[Start of section]

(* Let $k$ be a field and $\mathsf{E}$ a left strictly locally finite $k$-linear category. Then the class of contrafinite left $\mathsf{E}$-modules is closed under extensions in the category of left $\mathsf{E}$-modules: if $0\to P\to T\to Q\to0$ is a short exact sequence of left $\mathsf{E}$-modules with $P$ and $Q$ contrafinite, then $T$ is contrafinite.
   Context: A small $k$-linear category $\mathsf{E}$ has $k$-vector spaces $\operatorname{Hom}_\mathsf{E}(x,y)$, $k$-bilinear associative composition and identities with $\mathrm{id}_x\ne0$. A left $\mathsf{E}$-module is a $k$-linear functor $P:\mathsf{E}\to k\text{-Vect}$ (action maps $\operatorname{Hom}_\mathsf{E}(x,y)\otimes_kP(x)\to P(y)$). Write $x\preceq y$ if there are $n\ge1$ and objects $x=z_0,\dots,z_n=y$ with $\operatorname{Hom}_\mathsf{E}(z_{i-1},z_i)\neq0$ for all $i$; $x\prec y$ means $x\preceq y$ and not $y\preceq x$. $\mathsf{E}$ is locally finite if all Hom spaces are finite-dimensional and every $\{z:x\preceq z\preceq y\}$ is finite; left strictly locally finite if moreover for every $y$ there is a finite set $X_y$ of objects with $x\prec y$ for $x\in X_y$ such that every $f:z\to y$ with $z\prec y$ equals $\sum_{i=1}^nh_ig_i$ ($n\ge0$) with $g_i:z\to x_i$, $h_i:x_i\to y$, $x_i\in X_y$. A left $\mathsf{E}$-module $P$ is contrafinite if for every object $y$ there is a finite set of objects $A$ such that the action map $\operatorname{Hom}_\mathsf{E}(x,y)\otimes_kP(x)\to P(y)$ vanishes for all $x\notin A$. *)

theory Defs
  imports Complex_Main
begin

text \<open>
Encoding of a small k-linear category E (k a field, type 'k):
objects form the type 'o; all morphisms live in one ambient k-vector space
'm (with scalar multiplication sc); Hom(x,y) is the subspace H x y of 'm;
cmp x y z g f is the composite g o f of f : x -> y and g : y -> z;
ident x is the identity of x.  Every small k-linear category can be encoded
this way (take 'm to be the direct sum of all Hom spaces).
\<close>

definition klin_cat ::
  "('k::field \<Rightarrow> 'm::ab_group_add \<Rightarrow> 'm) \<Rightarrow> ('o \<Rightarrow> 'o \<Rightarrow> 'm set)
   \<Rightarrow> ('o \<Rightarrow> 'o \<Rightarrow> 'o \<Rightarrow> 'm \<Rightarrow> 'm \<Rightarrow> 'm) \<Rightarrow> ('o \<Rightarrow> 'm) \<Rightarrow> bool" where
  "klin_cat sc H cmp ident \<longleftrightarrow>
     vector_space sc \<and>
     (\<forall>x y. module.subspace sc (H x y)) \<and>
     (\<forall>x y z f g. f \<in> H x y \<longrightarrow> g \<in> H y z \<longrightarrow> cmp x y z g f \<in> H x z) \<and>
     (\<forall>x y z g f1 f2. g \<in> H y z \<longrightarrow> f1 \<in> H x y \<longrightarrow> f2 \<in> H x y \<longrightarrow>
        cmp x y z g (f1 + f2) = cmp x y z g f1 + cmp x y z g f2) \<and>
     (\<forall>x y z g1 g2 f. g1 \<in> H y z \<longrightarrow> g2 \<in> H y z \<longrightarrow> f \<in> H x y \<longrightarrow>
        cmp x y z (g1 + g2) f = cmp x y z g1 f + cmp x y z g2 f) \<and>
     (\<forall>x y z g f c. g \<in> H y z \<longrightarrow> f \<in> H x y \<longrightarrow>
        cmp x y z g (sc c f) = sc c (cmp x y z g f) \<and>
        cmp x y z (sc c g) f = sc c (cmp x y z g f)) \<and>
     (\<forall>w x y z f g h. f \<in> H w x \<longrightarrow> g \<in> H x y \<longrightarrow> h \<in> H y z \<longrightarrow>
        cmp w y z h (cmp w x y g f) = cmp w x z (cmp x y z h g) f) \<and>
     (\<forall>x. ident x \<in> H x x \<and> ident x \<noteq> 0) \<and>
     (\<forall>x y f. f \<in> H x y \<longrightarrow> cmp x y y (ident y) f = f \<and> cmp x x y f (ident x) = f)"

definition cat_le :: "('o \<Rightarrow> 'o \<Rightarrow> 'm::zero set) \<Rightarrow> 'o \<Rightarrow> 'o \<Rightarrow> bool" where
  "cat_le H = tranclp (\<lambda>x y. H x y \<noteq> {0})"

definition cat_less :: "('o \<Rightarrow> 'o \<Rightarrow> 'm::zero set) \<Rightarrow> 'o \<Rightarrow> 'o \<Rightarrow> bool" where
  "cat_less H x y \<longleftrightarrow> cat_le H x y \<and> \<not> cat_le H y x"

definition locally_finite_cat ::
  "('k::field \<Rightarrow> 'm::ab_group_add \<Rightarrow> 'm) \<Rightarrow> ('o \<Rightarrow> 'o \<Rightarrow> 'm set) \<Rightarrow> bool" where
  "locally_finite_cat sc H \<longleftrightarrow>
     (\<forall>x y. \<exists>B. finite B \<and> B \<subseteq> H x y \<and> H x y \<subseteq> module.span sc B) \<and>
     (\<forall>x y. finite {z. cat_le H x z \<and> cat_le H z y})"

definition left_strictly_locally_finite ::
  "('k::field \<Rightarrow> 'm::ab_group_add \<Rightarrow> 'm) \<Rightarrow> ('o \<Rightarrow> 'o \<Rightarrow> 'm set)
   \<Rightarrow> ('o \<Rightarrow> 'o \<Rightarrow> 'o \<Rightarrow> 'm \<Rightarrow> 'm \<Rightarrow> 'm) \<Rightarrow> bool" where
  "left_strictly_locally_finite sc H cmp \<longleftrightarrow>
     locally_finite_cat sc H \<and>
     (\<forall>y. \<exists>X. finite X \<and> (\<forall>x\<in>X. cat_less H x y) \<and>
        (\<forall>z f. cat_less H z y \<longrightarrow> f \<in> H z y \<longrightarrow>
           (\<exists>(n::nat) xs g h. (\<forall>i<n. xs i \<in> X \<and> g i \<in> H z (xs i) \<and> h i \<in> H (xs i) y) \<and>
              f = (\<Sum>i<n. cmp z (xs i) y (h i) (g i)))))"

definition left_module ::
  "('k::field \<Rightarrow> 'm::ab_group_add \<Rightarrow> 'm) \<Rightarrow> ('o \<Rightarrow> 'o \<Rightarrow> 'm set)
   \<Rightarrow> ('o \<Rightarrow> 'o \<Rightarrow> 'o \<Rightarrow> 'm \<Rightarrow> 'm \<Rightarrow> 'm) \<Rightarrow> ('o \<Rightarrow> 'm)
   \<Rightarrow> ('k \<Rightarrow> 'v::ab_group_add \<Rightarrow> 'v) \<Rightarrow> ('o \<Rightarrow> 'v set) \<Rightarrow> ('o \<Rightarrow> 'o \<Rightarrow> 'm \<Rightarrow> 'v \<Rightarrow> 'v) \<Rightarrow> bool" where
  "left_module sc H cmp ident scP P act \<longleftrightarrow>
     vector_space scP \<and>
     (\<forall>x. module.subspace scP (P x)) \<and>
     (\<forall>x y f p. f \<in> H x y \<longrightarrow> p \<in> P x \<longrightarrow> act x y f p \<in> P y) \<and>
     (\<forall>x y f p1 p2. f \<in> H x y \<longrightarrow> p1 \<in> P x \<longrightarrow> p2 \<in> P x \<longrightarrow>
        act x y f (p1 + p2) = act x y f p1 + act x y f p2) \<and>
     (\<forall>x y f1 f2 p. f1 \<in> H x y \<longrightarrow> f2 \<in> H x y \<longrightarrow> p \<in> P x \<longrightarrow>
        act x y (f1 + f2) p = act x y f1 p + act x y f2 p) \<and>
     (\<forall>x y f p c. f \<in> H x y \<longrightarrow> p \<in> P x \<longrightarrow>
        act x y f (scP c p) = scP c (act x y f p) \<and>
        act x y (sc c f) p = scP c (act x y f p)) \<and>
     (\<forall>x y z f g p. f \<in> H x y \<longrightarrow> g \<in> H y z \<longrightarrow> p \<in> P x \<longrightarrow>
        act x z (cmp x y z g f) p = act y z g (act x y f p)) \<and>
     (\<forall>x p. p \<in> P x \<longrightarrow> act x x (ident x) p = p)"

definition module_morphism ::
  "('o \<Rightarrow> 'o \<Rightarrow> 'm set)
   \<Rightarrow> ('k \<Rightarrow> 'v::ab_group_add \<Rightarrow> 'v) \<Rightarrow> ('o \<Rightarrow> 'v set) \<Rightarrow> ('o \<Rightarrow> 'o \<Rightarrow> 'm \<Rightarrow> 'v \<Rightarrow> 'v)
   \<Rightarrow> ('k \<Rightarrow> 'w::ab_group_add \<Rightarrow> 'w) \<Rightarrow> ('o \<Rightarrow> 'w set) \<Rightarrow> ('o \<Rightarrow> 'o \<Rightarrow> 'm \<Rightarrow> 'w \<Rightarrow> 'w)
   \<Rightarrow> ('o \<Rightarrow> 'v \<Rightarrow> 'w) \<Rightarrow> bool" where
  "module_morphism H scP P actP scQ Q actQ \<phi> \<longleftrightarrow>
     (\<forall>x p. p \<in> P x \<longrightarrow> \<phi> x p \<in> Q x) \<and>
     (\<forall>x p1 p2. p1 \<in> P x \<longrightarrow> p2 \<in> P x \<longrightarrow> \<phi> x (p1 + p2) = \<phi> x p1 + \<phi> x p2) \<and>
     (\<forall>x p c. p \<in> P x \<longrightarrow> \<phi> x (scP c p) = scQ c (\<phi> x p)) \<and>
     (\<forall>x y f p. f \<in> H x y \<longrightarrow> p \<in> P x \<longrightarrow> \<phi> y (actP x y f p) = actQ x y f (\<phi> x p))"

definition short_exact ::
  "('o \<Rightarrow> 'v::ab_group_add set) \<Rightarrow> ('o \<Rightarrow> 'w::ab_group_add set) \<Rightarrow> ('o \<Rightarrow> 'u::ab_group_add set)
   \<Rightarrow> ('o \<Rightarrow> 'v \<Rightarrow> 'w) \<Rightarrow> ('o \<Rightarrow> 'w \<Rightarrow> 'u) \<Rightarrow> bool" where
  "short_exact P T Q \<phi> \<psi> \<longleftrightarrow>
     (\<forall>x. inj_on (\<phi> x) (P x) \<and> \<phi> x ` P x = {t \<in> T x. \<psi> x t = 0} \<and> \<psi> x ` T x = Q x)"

[End of section]

● **Work instructions**
Wherever the string "with" occurs in the records, copy the line it is in.

● **Solution**
(* Let $k$ be a field and $\mathsf{E}$ a left strictly locally finite $k$-linear category. Then the class of contrafinite left $\mathsf{E}$-modules is closed under extensions in the category of left $\mathsf{E}$-modules: if $0\to P\to T\to Q\to0$ is a short exact sequence of left $\mathsf{E}$-modules with $P$ and $Q$ contrafinite, then $T$ is contrafinite.
   Context: A small $k$-linear category $\mathsf{E}$ has $k$-vector spaces $\operatorname{Hom}_\mathsf{E}(x,y)$, $k$-bilinear associative composition and identities with $\mathrm{id}_x\ne0$. A left $\mathsf{E}$-module is a $k$-linear functor $P:\mathsf{E}\to k\text{-Vect}$ (action maps $\operatorname{Hom}_\mathsf{E}(x,y)\otimes_kP(x)\to P(y)$). Write $x\preceq y$ if there are $n\ge1$ and objects $x=z_0,\dots,z_n=y$ with $\operatorname{Hom}_\mathsf{E}(z_{i-1},z_i)\neq0$ for all $i$; $x\prec y$ means $x\preceq y$ and not $y\preceq x$. $\mathsf{E}$ is locally finite if all Hom spaces are finite-dimensional and every $\{z:x\preceq z\preceq y\}$ is finite; left strictly locally finite if moreover for every $y$ there is a finite set $X_y$ of objects with $x\prec y$ for $x\in X_y$ such that every $f:z\to y$ with $z\prec y$ equals $\sum_{i=1}^nh_ig_i$ ($n\ge0$) with $g_i:z\to x_i$, $h_i:x_i\to y$, $x_i\in X_y$. A left $\mathsf{E}$-module $P$ is contrafinite if for every object $y$ there is a finite set of objects $A$ such that the action map $\operatorname{Hom}_\mathsf{E}(x,y)\otimes_kP(x)\to P(y)$ vanishes for all $x\notin A$. *)
'm (with scalar multiplication sc); Hom(x,y) is the subspace H x y of 'm;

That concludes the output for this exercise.